> **INSTRUCTIONS TO FOLLOW**:
What lines of the listing include the string "longleftrightarrow"? Show them all.

——————

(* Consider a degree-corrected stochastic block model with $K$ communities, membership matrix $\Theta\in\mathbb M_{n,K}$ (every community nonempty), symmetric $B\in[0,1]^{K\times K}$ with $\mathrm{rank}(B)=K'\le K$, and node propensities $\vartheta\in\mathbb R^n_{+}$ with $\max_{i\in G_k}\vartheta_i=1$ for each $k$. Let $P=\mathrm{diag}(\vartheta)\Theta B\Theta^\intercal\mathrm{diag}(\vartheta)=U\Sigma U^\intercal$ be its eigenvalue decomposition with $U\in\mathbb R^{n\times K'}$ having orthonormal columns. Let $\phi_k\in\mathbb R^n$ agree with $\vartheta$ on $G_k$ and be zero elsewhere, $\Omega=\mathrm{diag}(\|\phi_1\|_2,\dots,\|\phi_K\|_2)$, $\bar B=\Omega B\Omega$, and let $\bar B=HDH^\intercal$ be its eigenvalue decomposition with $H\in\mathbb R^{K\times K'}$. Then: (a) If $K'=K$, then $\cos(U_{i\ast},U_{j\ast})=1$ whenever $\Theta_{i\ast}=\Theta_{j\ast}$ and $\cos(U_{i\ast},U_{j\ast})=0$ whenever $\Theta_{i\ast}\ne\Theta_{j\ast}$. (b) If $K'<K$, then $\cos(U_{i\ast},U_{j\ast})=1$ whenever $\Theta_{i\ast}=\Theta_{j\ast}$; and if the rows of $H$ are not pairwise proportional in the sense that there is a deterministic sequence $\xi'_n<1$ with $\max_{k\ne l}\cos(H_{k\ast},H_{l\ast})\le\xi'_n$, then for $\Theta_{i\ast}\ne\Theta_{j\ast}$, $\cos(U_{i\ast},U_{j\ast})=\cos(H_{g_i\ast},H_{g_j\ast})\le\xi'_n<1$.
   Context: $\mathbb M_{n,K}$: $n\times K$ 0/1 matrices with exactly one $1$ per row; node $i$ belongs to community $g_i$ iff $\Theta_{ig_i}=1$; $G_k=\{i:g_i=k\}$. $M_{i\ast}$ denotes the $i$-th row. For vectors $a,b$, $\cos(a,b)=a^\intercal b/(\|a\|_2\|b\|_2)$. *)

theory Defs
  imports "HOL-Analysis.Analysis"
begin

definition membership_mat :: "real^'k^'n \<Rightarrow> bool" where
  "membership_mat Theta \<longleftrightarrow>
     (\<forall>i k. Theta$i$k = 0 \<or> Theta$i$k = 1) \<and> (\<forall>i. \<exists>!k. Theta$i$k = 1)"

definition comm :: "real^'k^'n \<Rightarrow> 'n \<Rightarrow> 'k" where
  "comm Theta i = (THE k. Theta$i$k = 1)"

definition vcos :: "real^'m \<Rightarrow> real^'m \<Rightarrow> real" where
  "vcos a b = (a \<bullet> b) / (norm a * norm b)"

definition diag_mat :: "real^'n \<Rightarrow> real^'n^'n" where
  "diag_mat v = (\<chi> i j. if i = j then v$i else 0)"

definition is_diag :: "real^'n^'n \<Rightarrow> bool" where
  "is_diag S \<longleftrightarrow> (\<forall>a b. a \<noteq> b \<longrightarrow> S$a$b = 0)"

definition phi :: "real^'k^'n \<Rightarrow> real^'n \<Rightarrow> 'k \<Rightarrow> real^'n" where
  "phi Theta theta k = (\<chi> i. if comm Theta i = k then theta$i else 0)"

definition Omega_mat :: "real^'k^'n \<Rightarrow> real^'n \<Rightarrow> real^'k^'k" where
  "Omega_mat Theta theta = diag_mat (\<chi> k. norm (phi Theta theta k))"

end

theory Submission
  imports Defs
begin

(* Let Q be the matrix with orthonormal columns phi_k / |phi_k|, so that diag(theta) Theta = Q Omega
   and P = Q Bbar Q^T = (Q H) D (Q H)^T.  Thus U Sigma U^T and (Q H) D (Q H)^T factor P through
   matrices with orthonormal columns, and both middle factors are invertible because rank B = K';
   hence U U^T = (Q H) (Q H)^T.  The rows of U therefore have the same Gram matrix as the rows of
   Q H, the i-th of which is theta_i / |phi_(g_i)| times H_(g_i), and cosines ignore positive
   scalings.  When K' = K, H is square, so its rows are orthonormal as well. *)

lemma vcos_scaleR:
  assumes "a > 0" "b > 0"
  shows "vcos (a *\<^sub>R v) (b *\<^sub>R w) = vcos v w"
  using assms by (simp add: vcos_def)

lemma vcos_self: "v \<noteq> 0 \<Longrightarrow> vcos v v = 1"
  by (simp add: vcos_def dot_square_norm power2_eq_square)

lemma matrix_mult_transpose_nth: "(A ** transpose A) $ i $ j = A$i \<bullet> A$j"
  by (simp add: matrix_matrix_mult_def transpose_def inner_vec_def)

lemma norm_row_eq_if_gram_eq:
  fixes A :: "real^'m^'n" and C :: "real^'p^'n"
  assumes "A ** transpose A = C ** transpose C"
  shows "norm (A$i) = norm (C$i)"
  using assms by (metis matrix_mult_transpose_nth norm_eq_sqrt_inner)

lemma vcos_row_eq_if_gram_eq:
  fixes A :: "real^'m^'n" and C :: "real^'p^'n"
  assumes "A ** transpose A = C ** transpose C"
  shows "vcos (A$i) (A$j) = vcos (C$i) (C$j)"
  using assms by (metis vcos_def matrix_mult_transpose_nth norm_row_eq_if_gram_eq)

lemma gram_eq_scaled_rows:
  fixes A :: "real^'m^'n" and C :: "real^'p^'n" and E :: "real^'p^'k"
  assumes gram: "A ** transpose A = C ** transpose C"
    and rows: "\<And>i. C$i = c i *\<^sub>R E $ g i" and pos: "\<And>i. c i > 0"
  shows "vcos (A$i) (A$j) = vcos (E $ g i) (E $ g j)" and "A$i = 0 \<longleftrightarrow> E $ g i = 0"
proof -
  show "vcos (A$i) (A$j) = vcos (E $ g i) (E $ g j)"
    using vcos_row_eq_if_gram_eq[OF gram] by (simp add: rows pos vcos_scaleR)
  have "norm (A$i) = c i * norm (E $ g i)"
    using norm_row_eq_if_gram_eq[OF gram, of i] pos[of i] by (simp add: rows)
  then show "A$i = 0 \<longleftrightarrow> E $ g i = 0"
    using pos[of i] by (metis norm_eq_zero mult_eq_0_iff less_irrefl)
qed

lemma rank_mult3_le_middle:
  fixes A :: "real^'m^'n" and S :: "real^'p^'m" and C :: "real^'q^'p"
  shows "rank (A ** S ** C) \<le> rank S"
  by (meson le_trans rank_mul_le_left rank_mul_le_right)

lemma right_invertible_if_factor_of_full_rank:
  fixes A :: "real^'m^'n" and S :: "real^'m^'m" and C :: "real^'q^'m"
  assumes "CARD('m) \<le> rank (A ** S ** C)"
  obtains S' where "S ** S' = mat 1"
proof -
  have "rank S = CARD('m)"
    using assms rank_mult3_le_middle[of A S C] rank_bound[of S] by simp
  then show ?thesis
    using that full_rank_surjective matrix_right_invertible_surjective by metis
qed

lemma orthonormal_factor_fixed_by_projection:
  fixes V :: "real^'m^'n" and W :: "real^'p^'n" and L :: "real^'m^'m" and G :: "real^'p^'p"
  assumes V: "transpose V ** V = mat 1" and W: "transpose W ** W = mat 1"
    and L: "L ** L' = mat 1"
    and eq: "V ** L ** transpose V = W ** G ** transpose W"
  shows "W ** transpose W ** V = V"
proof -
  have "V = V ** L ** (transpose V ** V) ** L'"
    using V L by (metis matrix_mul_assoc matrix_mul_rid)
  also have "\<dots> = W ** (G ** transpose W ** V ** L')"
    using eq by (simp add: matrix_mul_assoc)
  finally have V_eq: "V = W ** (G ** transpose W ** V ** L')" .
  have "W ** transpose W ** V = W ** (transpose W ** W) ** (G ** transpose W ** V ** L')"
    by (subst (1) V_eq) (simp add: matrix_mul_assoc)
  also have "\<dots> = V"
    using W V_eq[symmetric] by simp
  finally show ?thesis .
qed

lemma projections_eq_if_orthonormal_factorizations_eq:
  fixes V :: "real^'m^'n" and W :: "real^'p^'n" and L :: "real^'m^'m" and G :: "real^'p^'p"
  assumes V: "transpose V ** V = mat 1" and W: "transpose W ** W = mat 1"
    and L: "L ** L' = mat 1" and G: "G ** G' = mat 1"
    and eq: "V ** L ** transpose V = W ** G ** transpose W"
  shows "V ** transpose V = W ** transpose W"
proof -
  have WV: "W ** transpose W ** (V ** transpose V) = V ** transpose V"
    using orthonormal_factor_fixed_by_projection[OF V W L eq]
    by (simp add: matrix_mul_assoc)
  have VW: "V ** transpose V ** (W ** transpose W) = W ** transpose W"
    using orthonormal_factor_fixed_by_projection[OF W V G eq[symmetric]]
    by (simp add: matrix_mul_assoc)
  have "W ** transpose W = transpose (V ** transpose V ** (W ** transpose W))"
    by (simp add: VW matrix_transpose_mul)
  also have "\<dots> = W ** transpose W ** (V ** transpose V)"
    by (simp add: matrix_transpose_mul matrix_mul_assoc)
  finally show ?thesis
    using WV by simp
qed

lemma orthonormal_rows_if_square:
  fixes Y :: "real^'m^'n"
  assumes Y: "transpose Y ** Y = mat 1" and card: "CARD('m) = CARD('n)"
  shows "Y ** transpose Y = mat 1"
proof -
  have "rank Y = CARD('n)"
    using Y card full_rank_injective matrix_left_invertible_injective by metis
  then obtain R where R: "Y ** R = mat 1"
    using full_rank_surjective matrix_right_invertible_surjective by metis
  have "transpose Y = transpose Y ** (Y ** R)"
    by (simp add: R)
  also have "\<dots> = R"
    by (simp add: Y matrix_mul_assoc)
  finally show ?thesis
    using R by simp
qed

——————

> **RESPONSE TO THE EXERCISE**:
  "membership_mat Theta \<longleftrightarrow>
  "is_diag S \<longleftrightarrow> (\<forall>a b. a \<noteq> b \<longrightarrow> S$a$b = 0)"
  shows "vcos (A$i) (A$j) = vcos (E $ g i) (E $ g j)" and "A$i = 0 \<longleftrightarrow> E $ g i = 0"
  then show "A$i = 0 \<longleftrightarrow> E $ g i = 0"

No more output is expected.